Same logic as DFS but uses an explicit queue — avoids call-stack overflow on large grids and is often preferred in production systems.

Time
O(m*n)
Space
O(min(m,n))
function numIslands(grid) {
  let count = 0;
  const m = grid.length;
  const n = grid[0].length;
  const dirs = [[1,0],[-1,0],[0,1],[0,-1]];
  for (let r = 0; r < m; r++) {
    for (let c = 0; c < n; c++) {
      if (grid[r][c] === '1') {
        count++;
        grid[r][c] = '0';
        const queue = [[r, c]];
        while (queue.length > 0) {
          const [row, col] = queue.shift();
          for (const [dr, dc] of dirs) {
            const nr = row + dr;
            const nc = col + dc;
            if (nr >= 0 && nr < m && nc >= 0 && nc < n && grid[nr][nc] === '1') {
              grid[nr][nc] = '0';
              queue.push([nr, nc]);
            }
          }
        }
      }
    }
  }
  return count;
}

Tradeoff:

Canva-specific tips

Canva's design engine partitions elements into render groups — think of selecting all elements in a bounded region.
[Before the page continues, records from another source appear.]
lemma power_int_eq_1_if_dvd:
  fixes \<omega> :: "'a::division_ring" and N e :: int
  assumes "0 < N" and "\<omega> ^ nat N = 1" and "N dvd e"
  shows "\<omega> powi e = 1"
proof -
  obtain m where "e = N * m" using assms(3) by (rule dvdE)
  moreover have "\<omega> powi N = 1" using assms(1,2) by (simp add: power_int_def)
  ultimately show ?thesis by (simp add: power_int_mult)
qed

lemma if_zero_mult [simp]:
  fixes a b :: "'a::mult_zero"
  shows "(if c then a else 0) * b = (if c then a * b else 0)"
    and "b * (if c then a else 0) = (if c then b * a else 0)"
  by simp_all

lemma if_zero_cong: "(P \<longleftrightarrow> Q) \<Longrightarrow> (Q \<Longrightarrow> x = y) \<Longrightarrow> (if P then x else 0) = (if Q then y else 0)"
  by simp

lemma sum_if_eq_conj:
  "finite A \<Longrightarrow> (\<Sum>x\<in>A. if x = c \<and> P x then f x else 0) = (if P c \<and> c \<in> A then f c else 0)"
  by (simp add: if_if_eq_conj[symmetric] cong: if_cong)

lemma sum_swap_outer:
  "(\<Sum>p\<in>P. \<Sum>a\<in>A. \<Sum>b\<in>C. g p a b) = (\<Sum>a\<in>A. \<Sum>b\<in>C. \<Sum>p\<in>P. g p a b)"
  by (simp add: sum.swap[of _ P])

lemma sum_prod_swap:
  "(\<Sum>(x,y)\<in>A \<times> C. \<Sum>p\<in>P. g x y p) = (\<Sum>p\<in>P. \<Sum>(x,y)\<in>A \<times> C. g x y p)"
  by (subst sum.swap) (simp add: case_prod_beta)

lemma finite_B [simp]: "finite (B N)"
  by (simp add: B_def)

lemma Xb_triple [simp]: "Xb N (i, j, s) = Xv N i j s"
  by (simp add: Xb_def)

lemma hmult_if_zero:
  "hmult N (if c then f else (\<lambda>_. 0)) g = (if c then hmult N f g else (\<lambda>_. 0))"
  "hmult N g (if c then f else (\<lambda>_. 0)) = (if c then hmult N g f else (\<lambda>_. 0))"
  by (simp_all add: hmult_def)

lemma Sant_if_zero: "Sant N (if c then f else (\<lambda>_. 0)) = (if c then Sant N f else (\<lambda>_. 0))"
  by (simp add: Sant_def)

lemma tens_if_zero:
  "tens (if c then f else (\<lambda>_. 0)) g = (if c then tens f g else (\<lambda>_. 0))"
  "tens g (if c then f else (\<lambda>_. 0)) = (if c then tens g f else (\<lambda>_. 0))"
  by (auto simp: tens_def)

lemma eps_zero [simp]: "eps N (\<lambda>_. 0) = 0"
  by (simp add: eps_def)

lemma hmult_sum_left: "hmult N (\<lambda>z. \<Sum>k\<in>K. F k z) g = (\<lambda>z. \<Sum>k\<in>K. hmult N (F k) g z)"
  unfolding hmult_def by (simp add: sum_distrib_right sum_swap_outer[where P=K, symmetric])

lemma hmult_sum_right: "hmult N g (\<lambda>z. \<Sum>k\<in>K. F k z) = (\<lambda>z. \<Sum>k\<in>K. hmult N g (F k) z)"
  unfolding hmult_def
  by (simp add: sum_distrib_right sum_distrib_left sum_swap_outer[where P=K, symmetric])

lemma hmult_scale_left: "hmult N (\<lambda>z. c * f z) g = (\<lambda>z. c * hmult N f g z)"
  unfolding hmult_def by (simp add: sum_distrib_left mult_ac)

lemma hmult_scale_right: "hmult N g (\<lambda>z. c * f z) = (\<lambda>z. c * hmult N g f z)"
  unfolding hmult_def by (simp add: sum_distrib_left mult_ac)

lemma adj_sum_right: "adj N h (\<lambda>z. \<Sum>k\<in>K. F k z) = (\<lambda>z. \<Sum>k\<in>K. adj N h (F k) z)"
  unfolding adj_def hmult_sum_right hmult_sum_left by (simp add: sum_distrib_left sum_prod_swap)

lemma adj_scale_right: "adj N h (\<lambda>z. c * f z) = (\<lambda>z. c * adj N h f z)"
  unfolding adj_def hmult_scale_right hmult_scale_left
  by (simp add: sum_distrib_left mult_ac case_prod_beta)

lemma bmult_sum_left: "bmult N (\<lambda>z. \<Sum>k\<in>K. F k z) g = (\<lambda>z. \<Sum>k\<in>K. bmult N (F k) g z)"
  unfolding bmult_def adj_sum_right hmult_sum_left by (simp add: sum_distrib_left sum_prod_swap)

lemma bmult_sum_right: "bmult N g (\<lambda>z. \<Sum>k\<in>K. F k z) = (\<lambda>z. \<Sum>k\<in>K. bmult N g (F k) z)"
  unfolding bmult_def adj_sum_right hmult_sum_right by (simp add: sum_distrib_left sum_prod_swap)

lemma bmult_scale_left: "bmult N (\<lambda>z. c * f z) g = (\<lambda>z. c * bmult N f g z)"
  unfolding bmult_def adj_scale_right hmult_scale_left
  by (simp add: sum_distrib_left mult_ac case_prod_beta)

lemma bmult_scale_right: "bmult N g (\<lambda>z. c * f z) = (\<lambda>z. c * bmult N g f z)"
  unfolding bmult_def adj_scale_right hmult_scale_right
  by (simp add: sum_distrib_left mult_ac case_prod_beta)

definition diag :: "int \<Rightarrow> (int \<Rightarrow> int \<Rightarrow> complex) \<Rightarrow> hvec" where
  "diag N c = (\<lambda>z. \<Sum>i\<in>{0..<N}. \<Sum>p\<in>{0..<N}. c i p * Xv N i i p z)"

lemma diag_span_eq_range_diag: "diag_span N = range (diag N)"
  unfolding diag_span_def diag_def by auto

lemma Hone_eq_diag: "Hone N = diag N (\<lambda>_ _. 1)"
  unfolding Hone_def diag_def by simp

locale face_algebra =
  fixes N :: int
  assumes N_pos: "0 < N"
begin

lemma Xv_mod_simps [simp]:
  "Xv N (i mod N) j s = Xv N i j s" "Xv N i (j mod N) s = Xv N i j s"
  "Xv N i j (s mod N) = Xv N i j s"
  "Xv N (i mod N + a) j s = Xv N (i + a) j s" "Xv N i (j mod N + a) s = Xv N i (j + a) s"
  by (simp_all add: Xv_def mod_add_left_eq)

lemma Xv_cong:
  "i mod N = i' mod N \<Longrightarrow> j mod N = j' mod N \<Longrightarrow> s mod N = s' mod N \<Longrightarrow> Xv N i j s = Xv N i' j' s'"
  by (simp add: Xv_def)

lemma Xv_in_Hsp: "Xv N i j s \<in> Hsp N"
  using N_pos by (auto simp: Hsp_def Xv_def B_def)

lemma sum_B_Xv_mult: "(\<Sum>x\<in>B N. Xv N i j s x * G x) = G (i mod N, j mod N, s mod N)"
proof -
  have "(\<Sum>x\<in>B N. Xv N i j s x * G x) = (\<Sum>x\<in>B N. if x = (i mod N, j mod N, s mod N) then G x else 0)"
    by (rule sum.cong) (auto simp: Xv_def)
  also have "\<dots> = G (i mod N, j mod N, s mod N)"
    using N_pos by (simp add: B_def)
  finally show ?thesis .
qed

lemma sum_tens_Xv_mult:
  "(\<Sum>(x,y)\<in>B N \<times> B N. tens (Xv N i j s) (Xv N k l q) (x,y) * G x y)
     = G (i mod N, j mod N, s mod N) (k mod N, l mod N, q mod N)"
  by (simp add: sum.cartesian_product[symmetric] tens_def mult.assoc sum_distrib_left[symmetric]
      sum_B_Xv_mult)

lemma hmult_Xv: "hmult N (Xv N i j p) (Xv N k l q) =
   (if j mod N = k mod N \<and> p mod N = q mod N then Xv N i l p else (\<lambda>_. 0))"
proof -
  have "hmult N (Xv N i j p) (Xv N k l q) = mX N (i mod N, j mod N, p mod N) (k mod N, l mod N, q mod N)"
    unfolding hmult_def
    by (simp add: mult.assoc sum_distrib_left[symmetric] sum_B_Xv_mult mult.commute[of _ "Xv N k l q _"])
  then show ?thesis by (auto simp: mX_def intro: Xv_cong)
qed

lemma Sant_Xv: "Sant N (Xv N i j p) = Xv N (j + p) (i + p) (- p)"
  unfolding Sant_def by (simp add: sum_B_Xv_mult SX_def)
    (rule Xv_cong, simp_all add: mod_add_eq mod_minus_eq mod_add_right_eq)

lemma eps_Xv: "eps N (Xv N i j s) = (if s mod N = 0 then 1 else 0)"
  unfolding eps_def by (simp add: sum_B_Xv_mult epsX_def)

lemma sum_Delta_Xv_mult:
  "(\<Sum>(x,y)\<in>B N \<times> B N. Delta N (Xv N i j s) (x,y) * F x y) =
   (\<Sum>p\<in>{0..<N}. \<Sum>q\<in>{0..<N}. if (p + q) mod N = s mod N
      then F (i mod N, j mod N, p) ((i + p) mod N, (j + p) mod N, q) else 0)"
proof -
  have "(\<Sum>(x,y)\<in>B N \<times> B N. Delta N (Xv N i j s) (x,y) * F x y) =
    (\<Sum>(x,y)\<in>B N \<times> B N. \<Sum>p\<in>{0..<N}. \<Sum>q\<in>{0..<N}. if (p + q) mod N = s mod N then
       tens (Xv N i j p) (Xv N (i + p) (j + p) q) (x,y) * F x y else 0)"
    unfolding Delta_def by (simp add: sum_B_Xv_mult DX_def sum_distrib_right cong: if_cong)
  also have "\<dots> = (\<Sum>p\<in>{0..<N}. \<Sum>q\<in>{0..<N}. if (p + q) mod N = s mod N then
       \<Sum>(x,y)\<in>B N \<times> B N. tens (Xv N i j p) (Xv N (i + p) (j + p) q) (x,y) * F x y else 0)"
    by (simp only: sum_prod_swap) (intro sum.cong refl; simp)
  finally show ?thesis
    by (simp add: sum_tens_Xv_mult cong: if_cong)
qed

lemma sum_Delta_Hone_mult:
  "(\<Sum>(x,y)\<in>B N \<times> B N. Delta N (Hone N) (x,y) * F x y) =
   (\<Sum>i\<in>{0..<N}. \<Sum>a\<in>{0..<N}. \<Sum>b\<in>{0..<N}. F (i, i, a) ((i + a) mod N, (i + a) mod N, b))"
proof -
  have Delta_Hone: "Delta N (Hone N) w = (\<Sum>i\<in>{0..<N}. \<Sum>p\<in>{0..<N}. Delta N (Xv N i i p) w)" for w
    unfolding Delta_def Hone_def by (simp add: sum_distrib_right sum.swap[of _ "B N"])
  have "(\<Sum>(x,y)\<in>B N \<times> B N. Delta N (Hone N) (x,y) * F x y) =
      (\<Sum>i\<in>{0..<N}. \<Sum>p\<in>{0..<N}. \<Sum>(x,y)\<in>B N \<times> B N. Delta N (Xv N i i p) (x,y) * F x y)"
    by (simp only: Delta_Hone sum_distrib_right sum_prod_swap)
  also have "\<dots> = (\<Sum>i\<in>{0..<N}. \<Sum>p\<in>{0..<N}. \<Sum>a\<in>{0..<N}. \<Sum>b\<in>{0..<N}.
      if (a + b) mod N = p mod N then F (i, i, a) ((i + a) mod N, (i + a) mod N, b) else 0)"
    by (simp add: sum_Delta_Xv_mult cong: if_cong)
  also have "\<dots> = (\<Sum>i\<in>{0..<N}. \<Sum>a\<in>{0..<N}. \<Sum>b\<in>{0..<N}. \<Sum>p\<in>{0..<N}.
      if (a + b) mod N = p mod N then F (i, i, a) ((i + a) mod N, (i + a) mod N, b) else 0)"
    by (rule sum.cong[OF refl], rule sum_swap_outer)
  finally show ?thesis by simp
qed

lemma sum_Rmat_mult:
  "(\<Sum>(r1,r2)\<in>B N \<times> B N. Rmat N \<omega> (r1,r2) * F r1 r2) =
   (\<Sum>i\<in>{0..<N}. \<Sum>j\<in>{0..<N}. \<Sum>p\<in>{0..<N}.
      \<omega> powi (- (p * (i - j))) * F (i, j, p) (j, (j + p) mod N, (i - j) mod N))"
  unfolding Rmat_def
  by (simp add: sum_distrib_right sum_prod_swap mult.assoc sum_tens_Xv_mult)

lemma adj_Xv: "adj N (Xv N i j p) (Xv N k l q) =
  (if p mod N = 0 \<and> j mod N = k mod N \<and> l mod N = k mod N then Xv N i i q else (\<lambda>_. 0))"
proof
  fix z
  have "adj N (Xv N i j p) (Xv N k l q) z = (\<Sum>a\<in>{0..<N}. \<Sum>b\<in>{0..<N}. if (a + b) mod N = p mod N
      then hmult N (hmult N (Xv N i j a) (Xv N k l q)) (Sant N (Xv N (i + a) (j + a) b)) z else 0)"
    unfolding adj_def by (simp add: sum_Delta_Xv_mult cong: if_cong)
  also have "\<dots> = (\<Sum>a\<in>{0..<N}. \<Sum>b\<in>{0..<N}. if b = (- q) mod N \<and> a = q mod N \<and>
      (p mod N = 0 \<and> j mod N = k mod N \<and> l mod N = k mod N) then Xv N i i q z else 0)"
  proof (intro sum.cong refl)
    fix a b assume a: "a \<in> {0..<N}" and b: "b \<in> {0..<N}"
    show "(if (a + b) mod N = p mod N
      then hmult N (hmult N (Xv N i j a) (Xv N k l q)) (Sant N (Xv N (i + a) (j + a) b)) z else 0) =
      (if b = (- q) mod N \<and> a = q mod N \<and>
      (p mod N = 0 \<and> j mod N = k mod N \<and> l mod N = k mod N) then Xv N i i q z else 0)"
      apply (simp only: hmult_Xv Sant_Xv hmult_if_zero if_distribR if_if_eq_conj)
      apply (rule if_zero_cong)
      \<comment> \<open>with congruences written as divisibilities, each step is an ideal membership for algebra\<close>
      subgoal
        unfolding residue_eq_iff_dvd[OF a] residue_eq_iff_dvd[OF b] mod_eq_dvd_iff dvd_eq_mod_eq_0[symmetric]
        by (intro iffI conjI; elim conjE; (assumption | algebra))
      subgoal
        unfolding residue_eq_iff_dvd[OF a] residue_eq_iff_dvd[OF b]
        by (elim conjE, rule fun_cong[OF Xv_cong]; unfold mod_eq_dvd_iff; (assumption | algebra | simp))
      done
  qed
  also have "\<dots> = (if p mod N = 0 \<and> j mod N = k mod N \<and> l mod N = k mod N then Xv N i i q else (\<lambda>_. 0)) z"
    using N_pos by (simp add: sum_if_eq_conj)
  finally show "adj N (Xv N i j p) (Xv N k l q) z = \<dots>" .
qed

lemma eps_t_Xv: "eps_t N (Xv N i i s) =
  (if s mod N = 0 then (\<lambda>z. \<Sum>p\<in>{0..<N}. Xv N i i p z) else (\<lambda>_. 0))"
proof
  fix z
  have "eps_t N (Xv N i i s) z = (\<Sum>i0\<in>{0..<N}. \<Sum>a\<in>{0..<N}. \<Sum>b\<in>{0..<N}.
      eps N (hmult N (Xv N i0 i0 a) (Xv N i i s)) * Xv N (i0 + a) (i0 + a) b z)"
    unfolding eps_t_def by (simp add: mult.assoc sum_Delta_Hone_mult)
  also have "\<dots> = (\<Sum>i0\<in>{0..<N}. \<Sum>a\<in>{0..<N}. if a = s mod N \<and> i0 = i mod N \<and> s mod N = 0
      then \<Sum>b\<in>{0..<N}. Xv N i i b z else 0)"
    by (intro sum.cong refl) (auto simp: hmult_Xv eps_Xv hmult_if_zero mod_add_eq intro!: sum.cong fun_cong[OF Xv_cong])
  also have "\<dots> = (if s mod N = 0 then (\<lambda>z. \<Sum>p\<in>{0..<N}. Xv N i i p z) else (\<lambda>_. 0)) z"
    using N_pos by (simp add: sum_if_eq_conj)
  finally show "eps_t N (Xv N i i s) z = \<dots>" .
qed

lemma bmult_Xv: "bmult N (Xv N i i p) (Xv N k k q) =
  (if i mod N = k mod N \<and> p mod N = q mod N then Xv N i i p else (\<lambda>_. 0))"
proof
  fix z
  have "bmult N (Xv N i i p) (Xv N k k q) z = (\<Sum>i0\<in>{0..<N}. \<Sum>a\<in>{0..<N}. \<Sum>b\<in>{0..<N}.
      hmult N (adj N (Xv N i0 i0 a) (Xv N i i p)) (adj N (Xv N (i0 + a) (i0 + a) b) (Xv N k k q)) z)"
    unfolding bmult_def by (simp add: sum_Delta_Hone_mult)
  also have "\<dots> = (\<Sum>i0\<in>{0..<N}. \<Sum>a\<in>{0..<N}. \<Sum>b\<in>{0..<N}. if b = 0 \<and> a = 0 \<and> i0 = i mod N \<and>
      (i mod N = k mod N \<and> p mod N = q mod N) then Xv N i i p z else 0)"
    by (intro sum.cong refl) (auto simp: adj_Xv hmult_Xv hmult_if_zero intro: fun_cong[OF Xv_cong])
  also have "\<dots> = (if i mod N = k mod N \<and> p mod N = q mod N then Xv N i i p else (\<lambda>_. 0)) z"
    using N_pos by (simp add: sum_if_eq_conj)
  finally show "bmult N (Xv N i i p) (Xv N k k q) z = \<dots>" .
qed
Interviewers care whether you reason about the DFS stack depth: on a 300×300 all-'1' grid, recursive DFS can hit 90,000 stack frames and crash. Mention BFS or iterative DFS as the production-safe choice and explain why. Also address the mutation trade-off: overwriting the grid is fast but destroys the input — ask whether the caller needs the original intact before you do it.